Model Deployment
Contents
Model Deployment¶
PFS Corporation requires a real-time endpoint to profile new customers as they come in. This provides the marketing/GTM team an opportunity to assess if there are ways to ensure these customers are more successful, and retain better. They are aware of multiple methods to deploy a model (a local deployment, through Azure ML clusters, with Azure Kubernetes Service (AKS), managed endpoints and ACI. All require a model, an environment with the relevant dependencies, a scoring script (to run the model and infer a prediction) and a deployment configuration.
Given the need to move fast and manage as minimal infrastucture as possible, they are interested in leveraging the managed online endpoint.
The easiest approach once a model has been selected is to walk through the wizard option in the studio to deploy a real-time endpoint. Since this flows from the model being evaluated, the scoring script and the dependencies are already part of the model’s outputs and will default as part of the endpoint deployment. More details are in the sample below:
Once deployed, a live endpoint (baseline-model-endpoint
) is available to receive data inputs and provide a prediction. Note that with
this endpoint, many options are configurable - in particular, auto-scaling to accomodate traffic bursts,
either based upon a manual limit, or a set of metrics.
Predicting using the test data¶
Authenticating through this endpoint, a script can be easily run to provide predictions. Given the model was built off an 90/10 split of train/test data, we can push the test data through the API to yield predictions.
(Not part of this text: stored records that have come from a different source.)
lemma (in group) tambara_ideal_coordinate_one_supergroup:
  assumes fin: "finite (carrier G)" and P: "tambara_ideal G P"
    and I: "subgroup I G" and J: "sub_le G J I"
    and a: "a \<in> P (carrier G)" "a J = 1"
  shows "\<exists>z \<in> P (carrier G). z I = 1"
proof -
  let ?N = "normalizer G I" and ?\<delta> = "\<lambda>L. if L = I then 1 else 0 :: int"
  have N: "subgroup ?N G" using I by (simp add: normalizer_imp_subgroup subgroup.subset)
  have J': "subgroup J G" "J \<subseteq> I" "J \<subseteq> ?N"
    using J subgroup_subset_normalizer[OF I] by (auto simp: sub_le_def)
  have sub_le_G: "sub_le G H (carrier G)" if "subgroup H G" for H
    using that by (simp add: sub_le_def subgroup.subset)
  define b where "b = gres G (carrier G) J a"
  have b: "b \<in> P J" "b J = 1"
    unfolding b_def using tambara_ideal_gres[OF P subgroup_self sub_le_G[OF J'(1)] a(1)] J' a(2)
    by (auto simp: gres_def sub_le_def)
  define y where "y = gnm G ?N J b"
  have y: "y \<in> P ?N" "y I = 1"
    unfolding y_def
    using tambara_ideal_gnm[OF P N _ b(1)] J' gnm_normalizer_eq_one[OF I J'(1,2), of b] b(2)
    by (auto simp: sub_le_def)
  have "?\<delta> = (\<lambda>L. ?\<delta> L * y L)" using y(2) by auto
  then have "?\<delta> \<in> P ?N"
    using tambara_ideal_mult[OF P N indicator_in_ghost_normalizer[OF I] y(1)] by simp
  then have "gtr G (carrier G) ?N ?\<delta> \<in> P (carrier G)"
    using tambara_ideal_gtr[OF P subgroup_self sub_le_G[OF N]] by blast
  moreover have "gtr G (carrier G) ?N ?\<delta> I = 1" using gtr_normalizer_indicator[OF fin I] .
  ultimately show ?thesis by blast
qed

lemma (in group) pcoord_conjg:
  assumes P: "tambara_ideal G P" and I: "subgroup I G" and g: "g \<in> carrier G"
  shows "pcoord G P (conjg G g I) = pcoord G P I"
proof -
  have "a (conjg G g I) = a I" if "a \<in> P (carrier G)" for a
    using tambara_ideal_subset_ghost[OF P subgroup_self] that I g
    by (intro ghost_conjg_eq[of a G "carrier G"]) (auto simp: sub_le_def subgroup.subset)
  then have "(\<lambda>a. a (conjg G g I)) ` P (carrier G) = (\<lambda>a. a I) ` P (carrier G)"
    by (rule image_cong[OF refl])
  then show ?thesis unfolding pcoord_def by simp
qed

lemma (in group) pcoord_eq_one_iff:
  assumes P: "tambara_ideal G P"
    and coord: "P (carrier G) = {a \<in> ghost G (carrier G).
                                 \<forall>I. subgroup I G \<longrightarrow> int (pcoord G P I) dvd a I}"
    and I: "subgroup I G"
  shows "pcoord G P I = 1 \<longleftrightarrow> (\<exists>a \<in> P (carrier G). a I = 1)"
proof
  assume "\<exists>a \<in> P (carrier G). a I = 1"
  then have "int (pcoord G P I) dvd 1" using coord I by force
  then show "pcoord G P I = 1" by simp
next
  assume "pcoord G P I = 1"
  define A where "A = (\<lambda>L. if subgroup L G \<and> pcoord G P L = 1 then 1 else 0 :: int)"
  have "A \<in> ghost G (carrier G)"
    unfolding ghost_def A_def using pcoord_conjg[OF P] subgroup_conjg
    by (auto simp: sub_le_def subgroup.subset)
  then have "A \<in> P (carrier G)" unfolding coord by (simp add: A_def)
  moreover have "A I = 1" using I \<open>pcoord G P I = 1\<close> by (simp add: A_def)
  ultimately show "\<exists>a \<in> P (carrier G). a I = 1" by blast
qed
(* Let $p\ge1$ and $\Gamma=\{(s,|s|^p):s\in\mathbb{R}\}$. There exists a set $E\subset[-\pi/2,\pi/2)^2$ of positive Lebesgue measure such that for every $(\theta_1,\theta_2)\in E$, $(\Gamma,\ell_{\theta_1}\cup\ell_{\theta_2})$ is a Heisenberg Uniqueness Pair.
   Context: For a finite complex Borel measure $\mu$ on $\mathbb{R}^2$, $\widehat{\mu}(x,y)=\int_{\mathbb{R}^2}e^{-i(xs+yt)}\,d\mu(s,t)$. For an angle $\theta$, $\ell_\theta=\{t(\cos\theta,\sin\theta):t\in\mathbb{R}\}$. $\mathcal{AC}(\Gamma)$ is the set of finite complex measures supported on $\Gamma$ and absolutely continuous with respect to arc length on $\Gamma$. For $\Lambda\subset\mathbb{R}^2$, $(\Gamma,\Lambda)$ is a Heisenberg Uniqueness Pair if every $\mu\in\mathcal{AC}(\Gamma)$ with $\widehat{\mu}=0$ on $\Lambda$ satisfies $\mu=0$. *)

theory Defs
  imports "HOL-Analysis.Analysis"
begin

definition Gamma :: "real \<Rightarrow> (real \<times> real) set" where
  "Gamma p = {(s, \<bar>s\<bar> powr p) | s. True}"

text \<open>Arc-length measure on Gamma_p, as a measure on the plane: the push-forward of
  sqrt(1 + phi'(s)^2) ds under s \<mapsto> (s, |s|^p), where phi(s) = |s|^p and
  phi'(s)^2 = p^2 |s|^(2(p-1)) (for s \<noteq> 0; the value at s = 0 is irrelevant).\<close>
definition arclen :: "real \<Rightarrow> (real \<times> real) measure" where
  "arclen p = distr (density lborel (\<lambda>s. ennreal (sqrt (1 + p\<^sup>2 * \<bar>s\<bar> powr (2 * (p - 1))))))
                    borel (\<lambda>s. (s, \<bar>s\<bar> powr p))"

text \<open>A measure mu in AC(Gamma) is d mu = f d(arclen), f integrable w.r.t. arc length.
  Its Fourier transform: mu^(x,y) = integral of e^{-i(xs+yt)} d mu(s,t).\<close>
definition ft :: "real \<Rightarrow> (real \<times> real \<Rightarrow> complex) \<Rightarrow> real \<times> real \<Rightarrow> complex" where
  "ft p f = (\<lambda>(x, y). LINT z | arclen p. f z * cis (- (x * fst z + y * snd z)))"

definition line :: "real \<Rightarrow> (real \<times> real) set" where
  "line \<theta> = {(t * cos \<theta>, t * sin \<theta>) | t. True}"

definition HUP :: "real \<Rightarrow> (real \<times> real) set \<Rightarrow> bool" where
  "HUP p \<Lambda> \<longleftrightarrow> (\<forall>f :: real \<times> real \<Rightarrow> complex.
      integrable (arclen p) f \<and> (\<forall>w\<in>\<Lambda>. ft p f w = 0) \<longrightarrow> (AE z in arclen p. f z = 0))"

end

theory Submission
  imports Defs "HOL-Probability.Levy"
begin

text \<open>
  Pulled back along s \<mapsto> (s, |s|^p), a measure in AC(\<Gamma>) becomes F(s) ds with F integrable on
  the line, and its Fourier transform on the line of angle \<theta> is the characteristic function of
  the pushforward of F(s) ds under h_\<theta>(s) = s cos \<theta> + |s|^p sin \<theta>. By Levy's uniqueness
  theorem this pushforward vanishes (for Re F and Im F separately).

  For p = 1 and 0 < \<theta> < \<pi>/4 the map h_\<theta> is injective, so F = 0. For p > 1 take
  \<theta>1 \<in> (0, \<pi>/4) and \<theta>2 \<in> (-\<pi>/4, 0). The map h_\<theta>1 pairs each x > 0 with a point
  -y < 0 of the same value, so a Borel set B \<subseteq> (0, \<infinity>) and its mirror image carry
  opposite F-masses; the same holds for h_\<theta>2 with the half-lines exchanged. Composing the
  two mirrors gives a continuous increasing map \<Phi> of (0, \<infinity>) with \<Phi> s > s that preserves
  F-mass. The images of a fundamental domain [a, \<Phi> a) under the iterates of \<Phi> are disjoint
  and have equal mass, which integrability forces to be 0. Hence F = 0 on (0, \<infinity>), and on
  (-\<infinity>, 0) by symmetry. The set E is the rectangle (0, \<pi>/4) \<times> (-\<pi>/4, 0).
\<close>

section \<open>Fourier uniqueness for pushforward measures\<close>

lemma borel_measurable_cis [measurable (raw)]:
  "f \<in> borel_measurable M \<Longrightarrow> (\<lambda>x. cis (f x)) \<in> borel_measurable M"
  unfolding cis_conv_exp by measurable

context
  fixes M :: "'a measure" and g h :: "'a \<Rightarrow> real"
  assumes g: "integrable M g" "\<And>x. 0 \<le> g x" and h[measurable]: "h \<in> borel_measurable M"
begin

lemma emeasure_distr_density:
  assumes [measurable]: "A \<in> sets borel"
  shows "emeasure (distr (density M g) borel h) A = (LINT x|M. indicator A (h x) * g x)"
proof -
  have [measurable]: "g \<in> borel_measurable M"
    using g(1) by simp
  have "emeasure (distr (density M g) borel h) A = (\<integral>\<^sup>+ x. ennreal (indicator A (h x) * g x) \<partial>M)"
    by (simp add: emeasure_distr emeasure_density) (intro nn_integral_cong, simp split: split_indicator)
  also have "\<dots> = ennreal (LINT x|M. indicator A (h x) * g x)"
    using g by (intro nn_integral_eq_integral Bochner_Integration.integrable_bound[OF g(1)])
      (auto split: split_indicator)
  finally show ?thesis .
qed

lemma real_distribution_distr_density:
  assumes "(LINT x|M. g x) = 1"
  shows "real_distribution (distr (density M g) borel h)"
proof -
  have "prob_space (distr (density M g) borel h)"
    using emeasure_distr_density[of UNIV] assms by (intro prob_spaceI) simp
  then show ?thesis
    by (simp add: real_distribution_def real_distribution_axioms_def)
qed

lemma char_distr_density: "char (distr (density M g) borel h) t = (CLINT x|M. g x * cis (t * h x))"
proof -
  have "char (distr (density M g) borel h) t = (CLINT x|density M g. iexp (t * h x))"
    unfolding char_def by (subst integral_distr) auto
  also have "\<dots> = (CLINT x|M. g x *\<^sub>R iexp (t * h x))"
    using g by (subst integral_density) auto
  finally show ?thesis
    by (simp add: scaleR_conv_of_real cis_conv_exp)
qed

end

lemma integrable_mult_cis:
  fixes f :: "'a \<Rightarrow> complex"
  assumes "integrable M f" "g \<in> borel_measurable M"
  shows "integrable M (\<lambda>x. f x * cis (g x))"
  using assms by (intro Bochner_Integration.integrable_bound[OF assms(1)]) (auto simp: norm_mult)

lemma pushforward_integral_eq_if_fourier_eq:
  fixes g1 g2 h :: "'a \<Rightarrow> real"
  assumes g1: "integrable M g1" "\<And>x. 0 \<le> g1 x" and g2: "integrable M g2" "\<And>x. 0 \<le> g2 x"
    and h[measurable]: "h \<in> borel_measurable M"
    and fourier: "\<And>t. (CLINT x|M. g1 x * cis (t * h x)) = (CLINT x|M. g2 x * cis (t * h x))"
    and A[measurable]: "A \<in> sets borel"
  shows "(LINT x|M. indicator A (h x) * g1 x) = (LINT x|M. indicator A (h x) * g2 x)"
proof -
  have [measurable]: "g1 \<in> borel_measurable M" "g2 \<in> borel_measurable M"
    using g1 g2 by simp_all
  define a where "a = (LINT x|M. g1 x)"
  have a_eq: "(LINT x|M. g2 x) = a"
    using fourier[of 0] unfolding a_def by simp
  show ?thesis
  proof (cases "a = 0")
    case True
    then have "AE x in M. g1 x = 0" "AE x in M. g2 x = 0"
      using g1 g2 a_eq True unfolding a_def by (simp_all add: integral_nonneg_eq_0_iff_AE)
    then show ?thesis
      by (intro integral_cong_AE) (measurable, measurable, auto)
  next
    case False
    then have "a > 0"
      unfolding a_def using g1 by (simp add: order_neq_le_trans integral_nonneg_AE)
    define N1 N2 where "N1 = distr (density M (\<lambda>x. g1 x / a)) borel h"
      and "N2 = distr (density M (\<lambda>x. g2 x / a)) borel h"
    note distr_facts = emeasure_distr_density real_distribution_distr_density char_distr_density
    have densities: "integrable M (\<lambda>x. g1 x / a)" "\<And>x. 0 \<le> g1 x / a"
      "integrable M (\<lambda>x. g2 x / a)" "\<And>x. 0 \<le> g2 x / a"
      using g1 g2 \<open>a > 0\<close> by auto
    note N1_facts = distr_facts[OF densities(1,2) h, folded N1_def]
    note N2_facts = distr_facts[OF densities(3,4) h, folded N2_def]
    have "char N1 t = (CLINT x|M. g1 x * cis (t * h x)) / a"
      and "char N2 t = (CLINT x|M. g2 x * cis (t * h x)) / a" for t
      unfolding N1_facts(3) N2_facts(3) by (simp_all add: divide_inverse mult.commute mult.left_commute)
    then have "char N1 = char N2"
      using fourier by auto
    then have "N1 = N2"
      using N1_facts(2) N2_facts(2) \<open>a > 0\<close> a_eq by (intro Levy_uniqueness) (auto simp: a_def)
    then show ?thesis
      using N1_facts(1)[OF A] N2_facts(1)[OF A] g1 g2 \<open>a > 0\<close> by (simp add: integral_nonneg_AE)
  qed
qed
(* Let $\Im^k=(V,L)$ be the $(k+1)$-regular tree ($k\ge 1$), let $\Omega=\mathbb{Z}^V$, let $\mathcal{N}$ be the set of all finite nonempty subsets of $V$, and fix $\theta>0$. For $\Lambda\in\mathcal{N}$ and $\sigma\in\Omega$ define $$U_\Lambda(\sigma)=H_\Lambda(\sigma_\Lambda)=\sum_{j=1}^{|\Lambda|}\Big[b_j(\sigma_\Lambda)\ln\frac{\theta}{j}-\ln\big(b_j(\sigma_\Lambda)!\big)\Big],$$ where $\sigma_\Lambda$ is the restriction of $\sigma$ to $\Lambda$ and $b_j(\sigma_\Lambda)$ is the number of distinct values in $\mathbb{Z}$ that appear exactly $j$ times among $\{\sigma(x):x\in\Lambda\}$. Then the potential $U=\{U_\Lambda\}_{\Lambda\in\mathcal{N}}$ is not absolutely summable: for every $x\in V$, $$\sum_{\Lambda\in\mathcal{N},\,x\in\Lambda}\|U_\Lambda\|_\infty=\infty,\qquad \|f\|_\infty:=\sup_{\sigma\in\Omega}|f(\sigma)|.$$
   Context: A potential $U=\{U_\Lambda\}_{\Lambda\in\mathcal N}$ is called absolutely summable if $\sum_{\Lambda\in\mathcal N,\,x\in\Lambda}\|U_\Lambda\|_\infty<\infty$ for all $x\in V$. The potential above is the one associated with the multivariate Ewens weights $\frac{1}{Z_{|\Lambda|}(\theta)}\prod_{j=1}^{|\Lambda|}(\theta/j)^{b_j(\sigma_\Lambda)}\frac{1}{b_j(\sigma_\Lambda)!}$, via $H_\Lambda=\ln$ of the unnormalized weight. *)

theory Defs
  imports "HOL-Analysis.Analysis"
begin

definition is_walk :: "('v \<Rightarrow> 'v \<Rightarrow> bool) \<Rightarrow> 'v list \<Rightarrow> bool" where
  "is_walk E xs \<longleftrightarrow> xs \<noteq> [] \<and> (\<forall>i. Suc i < length xs \<longrightarrow> E (xs ! i) (xs ! Suc i))"

definition is_cycle :: "('v \<Rightarrow> 'v \<Rightarrow> bool) \<Rightarrow> 'v list \<Rightarrow> bool" where
  "is_cycle E xs \<longleftrightarrow> length xs \<ge> 3 \<and> distinct xs \<and> is_walk E xs \<and> E (last xs) (hd xs)"

definition regular_tree :: "nat \<Rightarrow> ('v \<Rightarrow> 'v \<Rightarrow> bool) \<Rightarrow> bool" where
  "regular_tree k E \<longleftrightarrow>
     (\<forall>x y. E x y \<longrightarrow> E y x) \<and> (\<forall>x. \<not> E x x) \<and>
     (\<forall>x. finite {y. E x y} \<and> card {y. E x y} = k + 1) \<and>
     (\<forall>u v. \<exists>xs. is_walk E xs \<and> hd xs = u \<and> last xs = v) \<and>
     (\<forall>xs. \<not> is_cycle E xs)"

definition bcount :: "nat \<Rightarrow> 'v set \<Rightarrow> ('v \<Rightarrow> int) \<Rightarrow> nat" where
  "bcount j \<Lambda> \<sigma> = card {a :: int. card {x \<in> \<Lambda>. \<sigma> x = a} = j}"

definition ewens_U :: "real \<Rightarrow> 'v set \<Rightarrow> ('v \<Rightarrow> int) \<Rightarrow> real" where
  "ewens_U \<theta> \<Lambda> \<sigma> = (\<Sum>j = 1..card \<Lambda>.
      real (bcount j \<Lambda> \<sigma>) * ln (\<theta> / real j) - ln (fact (bcount j \<Lambda> \<sigma>)))"

definition sup_norm :: "(('v \<Rightarrow> int) \<Rightarrow> real) \<Rightarrow> ennreal" where
  "sup_norm f = (SUP \<sigma>. ennreal \<bar>f \<sigma>\<bar>)"

end

theory Submission
  imports Defs
begin

text \<open>
  For the constant configuration every value is taken either never or on the whole of \<Lambda>, so
  \<open>U\<^sub>\<Lambda>(0) = ln (\<theta> / |\<Lambda>|)\<close>, and this is at most \<open>-1\<close> once \<open>|\<Lambda>| \<ge> \<theta> e\<close>.
  A regular tree of degree at least 2 has arbitrarily long non-backtracking walks, which are
  distinct because there are no cycles; hence the vertex set is infinite and infinitely many
  finite sets containing x are that large. The sum therefore has infinitely many terms \<open>\<ge> 1\<close>.
\<close>

lemma is_walk_Cons:
  assumes "is_walk E xs" "E w (hd xs)"
  shows "is_walk E (w # xs)"
  using assms unfolding is_walk_def
  by (auto simp: nth_Cons hd_conv_nth split: nat.splits)

lemma is_walk_take:
  assumes "is_walk E xs" "0 < m"
  shows "is_walk E (take m xs)"
  using assms unfolding is_walk_def by auto

lemma acyclic_walk_Cons_notin:
  assumes sym: "\<And>a b. E a b \<Longrightarrow> E b a" and acyclic: "\<And>zs. \<not> is_cycle E zs"
    and walk: "is_walk E (v # ys)" "distinct (v # ys)"
    and w: "E v w" "w \<noteq> v" "ys \<noteq> [] \<Longrightarrow> w \<noteq> hd ys"
  shows "w \<notin> set (v # ys)"
proof
  let ?xs = "v # ys"
  assume "w \<in> set ?xs"
  then obtain i where i: "i < length ?xs" "?xs ! i = w" by (metis in_set_conv_nth)
  have "i \<noteq> 0" using i(2) w(2) by (metis nth_Cons_0)
  moreover have "i \<noteq> 1" using i w(3) by (auto simp: hd_conv_nth)
  ultimately have "2 \<le> i" by linarith
  \<comment> \<open>the walk from v back to its neighbour w closes up to a cycle\<close>
  have "is_cycle E (take (Suc i) ?xs)"
    unfolding is_cycle_def
  proof (intro conjI)
    show "3 \<le> length (take (Suc i) ?xs)" using i \<open>2 \<le> i\<close> by simp
    show "distinct (take (Suc i) ?xs)" using walk(2) by (rule distinct_take)
    show "is_walk E (take (Suc i) ?xs)" using walk(1) by (rule is_walk_take) simp
    have "last (take (Suc i) ?xs) = ?xs ! i" using i(1) by (metis last_snoc take_Suc_conv_app_nth)
    then show "E (last (take (Suc i) ?xs)) (hd (take (Suc i) ?xs))" using i(2) w(1) sym by simp
  qed
  then show False using acyclic by blast
qed

lemma acyclic_branching_distinct_walk:
  assumes sym: "\<And>a b. E a b \<Longrightarrow> E b a" and irrefl: "\<And>a. \<not> E a a"
    and acyclic: "\<And>zs. \<not> is_cycle E zs"
    and branching: "\<And>v. \<exists>w w'. E v w \<and> E v w' \<and> w \<noteq> w'"
  shows "\<exists>xs. length xs = Suc n \<and> distinct xs \<and> is_walk E xs"
proof (induction n)
  case 0
  show ?case by (rule exI[of _ "[undefined]"]) (auto simp: is_walk_def)
next
  case (Suc n)
  then obtain v ys where xs: "length (v # ys) = Suc n" "distinct (v # ys)" "is_walk E (v # ys)"
    by (metis length_Suc_conv)
  obtain w where w: "E v w" "ys \<noteq> [] \<Longrightarrow> w \<noteq> hd ys"
    using branching[of v] by blast
  have "w \<notin> set (v # ys)"
    using acyclic_walk_Cons_notin[OF sym acyclic xs(3,2) w(1) _ w(2)] w(1) irrefl by blast
  then show ?case
    using xs w(1) sym by (intro exI[of _ "w # v # ys"]) (auto intro!: is_walk_Cons)
qed

lemma regular_tree_branching:
  assumes "k \<ge> 1" "regular_tree k E"
  shows "\<exists>w w'. E v w \<and> E v w' \<and> w \<noteq> w'"
proof -
  have "Suc (Suc 0) \<le> card {w. E v w}"
    using assms unfolding regular_tree_def by simp
  then show ?thesis by (auto simp: card_le_Suc_iff)
qed

lemma regular_tree_infinite:
  assumes "k \<ge> 1" "regular_tree k (E :: 'v \<Rightarrow> 'v \<Rightarrow> bool)"
  shows "infinite (UNIV :: 'v set)"
proof
  assume fin: "finite (UNIV :: 'v set)"
  have "\<exists>xs :: 'v list. length xs = Suc (card (UNIV :: 'v set)) \<and> distinct xs \<and> is_walk E xs"
    using assms(2) regular_tree_branching[OF assms]
    by (intro acyclic_branching_distinct_walk) (auto simp: regular_tree_def)
  then obtain xs :: "'v list" where "card (set xs) = Suc (card (UNIV :: 'v set))"
    by (metis distinct_card)
  moreover have "card (set xs) \<le> card (UNIV :: 'v set)" using fin by (intro card_mono) auto
  ultimately show False by simp
qed

lemma infinite_large_finite_sets_containing:
  assumes "infinite (UNIV :: 'a set)"
  shows "infinite {L. finite L \<and> (x :: 'a) \<in> L \<and> N \<le> card L}"
    (is "infinite ?S")
proof
  assume "finite ?S"
  moreover have "{Suc N..} \<subseteq> card ` ?S"
  proof
    fix n assume "n \<in> {Suc N..}"
    then obtain m where m: "n = Suc m" "N \<le> m" by (metis atLeast_iff Suc_le_D Suc_le_mono)
    obtain A where A: "finite A" "card A = m" "A \<subseteq> UNIV - {x}"
      using infinite_arbitrarily_large[of "UNIV - {x}"] assms by auto
    then have "insert x A \<in> ?S" "card (insert x A) = n"
      using m by (auto simp: card_insert_if)
    then show "n \<in> card ` ?S" by (metis image_eqI)
  qed
  ultimately show False by (meson finite_imageI finite_subset infinite_Ici)
qed

lemma bcount_const:
  assumes "finite L" "L \<noteq> {}" "j \<ge> 1"
  shows "bcount j L (\<lambda>_. c) = (if j = card L then 1 else 0)"
proof -
  have "{y \<in> L. c = a} = (if a = c then L else {})" for a by auto
  then have "{a. card {y \<in> L. c = a} = j} = (if j = card L then {c} else {})"
    using assms by (auto split: if_splits)
  then show ?thesis unfolding bcount_def by simp
qed

lemma ewens_U_const:
  assumes "finite L" "L \<noteq> {}"
  shows "ewens_U \<theta> L (\<lambda>_. c) = ln (\<theta> / real (card L))"
proof -
  have "1 \<le> card L" using assms by (simp add: Suc_le_eq card_gt_0_iff)
  have "ewens_U \<theta> L (\<lambda>_. c) = (\<Sum>j = 1..card L. if j = card L then ln (\<theta> / real j) else 0)"
    unfolding ewens_U_def by (intro sum.cong refl) (simp add: bcount_const[OF assms])
  also have "\<dots> = ln (\<theta> / real (card L))"
    using \<open>1 \<le> card L\<close> by (simp add: sum.delta')
  finally show ?thesis .
qed

lemma sup_norm_ge: "ennreal \<bar>f \<sigma>\<bar> \<le> sup_norm f"
  unfolding sup_norm_def by (rule SUP_upper) simp

lemma ln_div_le_minus_one:
  fixes \<theta> n :: real
  assumes "\<theta> > 0" "\<theta> * exp 1 \<le> n"
  shows "ln (\<theta> / n) \<le> -1"
proof -
  have "0 < \<theta> * exp 1" using assms(1) by simp
  then have "0 < n" using assms(2) by linarith
  have "ln \<theta> + 1 \<le> ln n"
    using assms \<open>0 < \<theta> * exp 1\<close> \<open>0 < n\<close> ln_le_cancel_iff[of "\<theta> * exp 1" n] by (simp add: ln_mult)
  then show ?thesis
    using assms(1) \<open>0 < n\<close> by (simp add: ln_div)
qed

lemma infsum_superconst_infinite_subset_ennreal:
  fixes f :: "'a \<Rightarrow> ennreal"
  assumes "B \<subseteq> A" "infinite B" "b > 0" "\<And>x. x \<in> B \<Longrightarrow> b \<le> f x"
  shows "infsum f A = \<infinity>"
proof -
  have "infsum f B = \<infinity>"
    using assms by (intro infsum_superconst_infinite_ennreal[where b = b])
  moreover have "infsum f B \<le> infsum f A"
    using assms(1) by (intro infsum_mono_neutral) (auto intro: nonneg_summable_on_complete)
  ultimately show ?thesis by (simp add: top_unique)
qed

theorem lemma3p2:
  fixes k :: nat and E :: "'v \<Rightarrow> 'v \<Rightarrow> bool" and \<theta> :: real and x :: 'v
  assumes "k \<ge> 1" and "regular_tree k E" and "\<theta> > 0"
  shows "(\<Sum>\<^sub>\<infinity>\<Lambda>\<in>{\<Lambda>. finite \<Lambda> \<and> \<Lambda> \<noteq> {} \<and> x \<in> \<Lambda>}. sup_norm (ewens_U \<theta> \<Lambda>)) = \<infinity>"
proof (rule infsum_superconst_infinite_subset_ennreal)
  define N where "N = nat \<lceil>\<theta> * exp 1\<rceil>"
  let ?S = "{L. finite L \<and> x \<in> L \<and> N \<le> card L}"
  show "?S \<subseteq> {\<Lambda>. finite \<Lambda> \<and> \<Lambda> \<noteq> {} \<and> x \<in> \<Lambda>}" by auto
  show "infinite ?S"
    by (rule infinite_large_finite_sets_containing[OF regular_tree_infinite[OF assms(1,2)]])
  show "1 \<le> sup_norm (ewens_U \<theta> L)" if "L \<in> ?S" for L
  proof -
    have L: "finite L" "L \<noteq> {}" "\<theta> * exp 1 \<le> real (card L)"
      using that real_nat_ceiling_ge[of "\<theta> * exp 1"] unfolding N_def by auto
    have "1 \<le> \<bar>ewens_U \<theta> L (\<lambda>_. 0)\<bar>"
      using ln_div_le_minus_one[OF assms(3) L(3)] ewens_U_const[OF L(1,2)] by simp
    then show ?thesis by (metis ennreal_1 ennreal_leI order_trans sup_norm_ge)
  qed
qed simp

end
Note: when using any endpoint, ensure you provide not only the right data into the request, but the right order of the request. Once an endpoint is live, you can view the Consume section to visually see the order. An example below:
Results¶
Comparing the ‘ground truth’ with the predictions, we see an error rate of ~20%, hence an ~80% accuracy by the chosen performance metric. This is not as accurate as the results off the training data (~85%), but is reasonably aligned. Note that the trained model preserves the logic for any data transformations as part of its processing so raw original inputs can be fed into the endpoint.